- **What the task asks**
Repeat the stretch of entries below from the line with "by (intro sum_nonneg" through the line with "by (simp add: sum.distrib". Include both ends and add nothing.

Top of Entries provided

lemma card_loads_le_round:
  fixes l :: "nat \<Rightarrow> int"
  assumes sum: "real_of_int (\<Sum>i<n. l i) = a * real n"
    and low: "\<forall>i<n. a - d \<le> real_of_int (l i)" and r: "\<bar>real_of_int r - a\<bar> \<le> 1/2"
  shows "real n \<le> (2 * d + 3) * real (card {i. i < n \<and> l i \<le> r})"
proof -
  have r': "a - 1/2 \<le> real_of_int r" "real_of_int r \<le> a + 1/2"
    using r unfolding abs_le_iff by linarith+
  define L where "L = {i. i < n \<and> l i \<le> r}"
  have L: "L \<subseteq> {..<n}" "finite L" unfolding L_def by auto
  have cardL: "card L \<le> n" "card ({..<n} - L) = n - card L"
    using card_mono[OF finite_lessThan L(1)] L by (auto simp: card_Diff_subset)
  have "real (card L) * (a - d) \<le> (\<Sum>i\<in>L. real_of_int (l i))"
    using sum_mono[of L "\<lambda>_. a - d" "\<lambda>i. real_of_int (l i)"] low L(1) by auto
  moreover have "real_of_int (r + 1) \<le> real_of_int (l i)" if "i \<in> {..<n} - L" for i
    using that unfolding L_def of_int_le_iff by auto
  then have "real (n - card L) * (real_of_int r + 1) \<le> (\<Sum>i\<in>{..<n} - L. real_of_int (l i))"
    using sum_mono[of "{..<n} - L" "\<lambda>_. real_of_int r + 1" "\<lambda>i. real_of_int (l i)"] cardL
    by auto
  moreover have "(\<Sum>i\<in>L. real_of_int (l i)) + (\<Sum>i\<in>{..<n} - L. real_of_int (l i)) = a * real n"
    using sum.subset_diff[OF L(1) finite_lessThan, of "\<lambda>i. real_of_int (l i)"] sum by simp
  ultimately have "real n * (real_of_int r + 1 - a) \<le> real (card L) * (real_of_int r + 1 - a + d)"
    using cardL by (simp add: of_nat_diff algebra_simps)
  moreover have "real n * (1/2) \<le> real n * (real_of_int r + 1 - a)"
    using r' by (intro mult_left_mono) auto
  moreover have "real (card L) * (real_of_int r + 1 - a + d) \<le> real (card L) * (d + 3/2)"
    using r' by (intro mult_left_mono) auto
  ultimately show ?thesis
    unfolding L_def by (simp add: algebra_simps)
qed

lemma card_loads_ge_round:
  fixes l :: "nat \<Rightarrow> int"
  assumes sum: "real_of_int (\<Sum>i<n. l i) = a * real n"
    and high: "\<forall>i<n. real_of_int (l i) \<le> a + d" and r: "\<bar>real_of_int r - a\<bar> \<le> 1/2"
  shows "real n \<le> (2 * d + 3) * real (card {i. i < n \<and> l i \<ge> r})"
proof -
  have "real_of_int (\<Sum>i<n. - l i) = - a * real n" "\<forall>i<n. - a - d \<le> real_of_int (- l i)"
    "\<bar>real_of_int (- r) - - a\<bar> \<le> 1/2"
    using assms by (auto simp: sum_negf abs_minus_commute)
  from card_loads_le_round[OF this] show ?thesis
    by simp
qed

lemma card_excess_pairs_le_sum_drop:
  fixes l :: "nat \<Rightarrow> int"
  shows "real (card {i. i < n \<and> l i \<ge> r + 2} * card {i. i < n \<and> l i \<le> r}
      + card {i. i < n \<and> l i \<le> r - 2} * card {i. i < n \<and> l i \<ge> r})
    \<le> (\<Sum>p\<in>node_pairs n. real_of_int (total_excess n r l - total_excess n r (lb_step l p)))"
proof -
  define H Lo L U where "H = {i. i < n \<and> l i \<ge> r + 2}" and "Lo = {i. i < n \<and> l i \<le> r - 2}"
    and "L = {i. i < n \<and> l i \<le> r}" and "U = {i. i < n \<and> l i \<ge> r}"
  define drop where "drop p = real_of_int (total_excess n r l - total_excess n r (lb_step l p))" for p
  define D where "D = H \<times> L \<union> Lo \<times> U"
  have D_pairs: "D \<subseteq> node_pairs n"
    unfolding D_def H_def Lo_def L_def U_def node_pairs_def by auto
  have "card D = card H * card L + card Lo * card U"
    unfolding D_def H_def Lo_def L_def U_def
    by (subst card_Un_disjoint) (auto simp: card_cartesian_product)
  then have "real (card H * card L + card Lo * card U) = (\<Sum>p\<in>D. 1)"
    by simp
  also have "\<dots> \<le> (\<Sum>p\<in>D. drop p)"
  proof (rule sum_mono)
    fix p assume "p \<in> D"
    then obtain u v where "p = (u, v)" "(u, v) \<in> node_pairs n"
      "(l u \<ge> r + 2 \<and> l v \<le> r) \<or> (l u \<le> r - 2 \<and> l v \<ge> r)"
      using D_pairs unfolding D_def H_def Lo_def L_def U_def by auto
    then show "1 \<le> drop p"
      using total_excess_lb_step(2) unfolding drop_def by fastforce
  qed
  also have "\<dots> \<le> (\<Sum>p\<in>node_pairs n. drop p)"
    using D_pairs finite_node_pairs total_excess_lb_step(1) unfolding drop_def
    by (intro sum_mono2) (auto simp: node_pairs_def)
  finally show ?thesis
    unfolding H_def Lo_def L_def U_def drop_def .
qed

text \<open>Each node loaded at least \<open>r + 2\<close> (at most \<open>r - 2\<close>) lowers the total excess when paired
  with any of the \<open>\<ge> n / (2d + 3)\<close> nodes loaded at most \<open>r\<close> (at least \<open>r\<close>), while the total
  excess is at most \<open>d\<close> times the number of such nodes.\<close>

lemma total_excess_decrease:
  fixes l :: "nat \<Rightarrow> int"
  assumes sum: "real_of_int (\<Sum>i<n. l i) = a * real n"
    and W: "loads_within n (a - d) (a + d) l" and r: "\<bar>real_of_int r - a\<bar> \<le> 1/2" and "0 \<le> d"
  shows "real_of_int (total_excess n r l) * real n \<le>
    d * (2 * d + 3) * (\<Sum>p\<in>node_pairs n. real_of_int (total_excess n r l - total_excess n r (lb_step l p)))"
proof -
  define H Lo L U where "H = {i. i < n \<and> l i \<ge> r + 2}" and "Lo = {i. i < n \<and> l i \<le> r - 2}"
    and "L = {i. i < n \<and> l i \<le> r}" and "U = {i. i < n \<and> l i \<ge> r}"
  have "real n \<le> (2 * d + 3) * real (card L)" "real n \<le> (2 * d + 3) * real (card U)"
    using card_loads_le_round[OF sum _ r] card_loads_ge_round[OF sum _ r] W
    unfolding L_def U_def loads_within_def by auto
  then have "real (card H) * real n \<le> real (card H) * ((2 * d + 3) * real (card L))"
    "real (card Lo) * real n \<le> real (card Lo) * ((2 * d + 3) * real (card U))"
    by (simp_all add: mult_left_mono)
  then have "(real (card H) + real (card Lo)) * real n \<le> (2 * d + 3) * real (card H * card L + card Lo * card U)"
    by (simp add: algebra_simps)
  moreover have "real_of_int (total_excess n r l) \<le> d * (real (card H) + real (card Lo))"
  proof -
    have "{i. i < n \<and> (l i \<ge> r + 2 \<or> l i \<le> r - 2)} = H \<union> Lo" "H \<inter> Lo = {}"
      unfolding H_def Lo_def by auto
    then show ?thesis
      using total_excess_le_card[OF W r] by (simp add: card_Un_disjoint H_def Lo_def)
  qed
  ultimately have "real_of_int (total_excess n r l) * real n
      \<le> d * ((2 * d + 3) * real (card H * card L + card Lo * card U))"
    using \<open>0 \<le> d\<close> by (smt (verit) mult_left_mono mult_right_mono of_nat_0_le_iff mult.assoc)
  also have "\<dots> \<le> d * (2 * d + 3) * (\<Sum>p\<in>node_pairs n. real_of_int (total_excess n r l - total_excess n r (lb_step l p)))"
    using card_excess_pairs_le_sum_drop[where n = n and l = l and r = r] \<open>0 \<le> d\<close> unfolding H_def Lo_def L_def U_def
    by (simp add: mult.assoc mult_left_mono)
  finally show ?thesis .
qed

definition settled :: "real \<Rightarrow> nat \<Rightarrow> real \<Rightarrow> (nat \<Rightarrow> int) \<Rightarrow> bool" where
  "settled d n a l \<longleftrightarrow> Phi n a l < real n \<and> loads_within n (a - d) (a + d) l"

lemma near_average_if_two_adjacent_values:
  fixes l :: "nat \<Rightarrow> int"
  assumes "n \<ge> 1" and sum: "real_of_int (\<Sum>i<n. l i) = a * real n"
    and two: "\<And>i. i < n \<Longrightarrow> l i = m \<or> l i = m + 1"
  shows "Phi n a l < real n" and "loads_within n (a - 1) (a + 1) l"
proof -
  define x where "x i = real_of_int (l i - m)" for i
  define t where "t = a - real_of_int m"
  have x01: "x i = 0 \<or> x i = 1" if "i < n" for i
    using two[OF that] unfolding x_def by auto
  have sum_x: "(\<Sum>i<n. x i) = real n * t"
    unfolding x_def t_def using sum by (simp add: sum_subtractf algebra_simps)
  have "0 \<le> (\<Sum>i<n. x i)" "(\<Sum>i<n. x i) \<le> (\<Sum>i<n. 1)"
    by (intro sum_nonneg sum_mono; use x01 in force)+
  then have t: "0 \<le> t" "t \<le> 1"
    using \<open>n \<ge> 1\<close> unfolding sum_x by (simp_all add: zero_le_mult_iff)
  have "Phi n a l = (\<Sum>i<n. x i - 2 * t * x i + t^2)"
    unfolding Phi_def
  proof (rule sum.cong)
    fix i assume "i \<in> {..<n}"
    then have "(x i)^2 = x i"
      using x01 by (auto simp: power2_eq_square)
    then show "(real_of_int (l i) - a)^2 = x i - 2 * t * x i + t^2"
      unfolding x_def t_def by (simp add: power2_eq_square algebra_simps)
  qed simp
  also have "\<dots> = (\<Sum>i<n. x i) - 2 * t * (\<Sum>i<n. x i) + real n * t^2"
    by (simp add: sum.distrib sum_subtractf sum_distrib_left)
  also have "\<dots> = real n * (t * (1 - t))"
    unfolding sum_x by (simp add: power2_eq_square algebra_simps)
  also have "\<dots> < real n"
  proof -
    have "t * (1 - t) \<le> 1/4"
      using zero_le_power2[of "t - 1/2"] by (simp add: power2_eq_square algebra_simps)
    then show ?thesis
      using \<open>n \<ge> 1\<close> by simp
  qed
  finally show "Phi n a l < real n" .
  show "loads_within n (a - 1) (a + 1) l"
    using x01 t unfolding loads_within_def x_def t_def by force
qed

lemma settled_if_loads_differ_le_1:
  fixes l :: "nat \<Rightarrow> int"
  assumes "n \<ge> 1" "d \<ge> 1" and sum: "real_of_int (\<Sum>i<n. l i) = a * real n"
    and close: "\<And>u v. u < n \<Longrightarrow> v < n \<Longrightarrow> \<bar>l u - l v\<bar> \<le> 1"
  shows "settled d n a l"
proof -
  define m where "m = Min (l ` {..<n})"
  have "m \<in> l ` {..<n}"
    unfolding m_def using \<open>n \<ge> 1\<close> by (intro Min_in) (auto simp: lessThan_empty_iff)
  then obtain i0 where i0: "i0 < n" "l i0 = m"
    by auto
  have "l i = m \<or> l i = m + 1" if "i < n" for i
  proof -
    have "m \<le> l i"
      unfolding m_def using that by (intro Min_le) auto
    then show ?thesis
      using close[OF that i0(1)] i0(2) by auto
  qed
  note two = near_average_if_two_adjacent_values[OF \<open>n \<ge> 1\<close> sum this]
  have "loads_within n (a - d) (a + d) l"
    using two(2) \<open>d \<ge> 1\<close> unfolding loads_within_def by force
  with two(1) show ?thesis
    unfolding settled_def ..
qed

lemma unbalanced_pair_if_not_settled:
  fixes l :: "nat \<Rightarrow> int"
  assumes "n \<ge> 1" "d \<ge> 1" "real_of_int (\<Sum>i<n. l i) = a * real n" "\<not> settled d n a l"
  shows "\<exists>(u, v)\<in>node_pairs n. \<bar>l u - l v\<bar> \<ge> 2"
  using settled_if_loads_differ_le_1[OF assms(1-3)] assms(4)
  by (force simp: node_pairs_def)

Bottom of Entries provided

- **Answer to this problem**
    by (intro sum_nonneg sum_mono; use x01 in force)+
  then have t: "0 \<le> t" "t \<le> 1"
    using \<open>n \<ge> 1\<close> unfolding sum_x by (simp_all add: zero_le_mult_iff)
  have "Phi n a l = (\<Sum>i<n. x i - 2 * t * x i + t^2)"
    unfolding Phi_def
  proof (rule sum.cong)
    fix i assume "i \<in> {..<n}"
    then have "(x i)^2 = x i"
      using x01 by (auto simp: power2_eq_square)
    then show "(real_of_int (l i) - a)^2 = x i - 2 * t * x i + t^2"
      unfolding x_def t_def by (simp add: power2_eq_square algebra_simps)
  qed simp
  also have "\<dots> = (\<Sum>i<n. x i) - 2 * t * (\<Sum>i<n. x i) + real n * t^2"
    by (simp add: sum.distrib sum_subtractf sum_distrib_left)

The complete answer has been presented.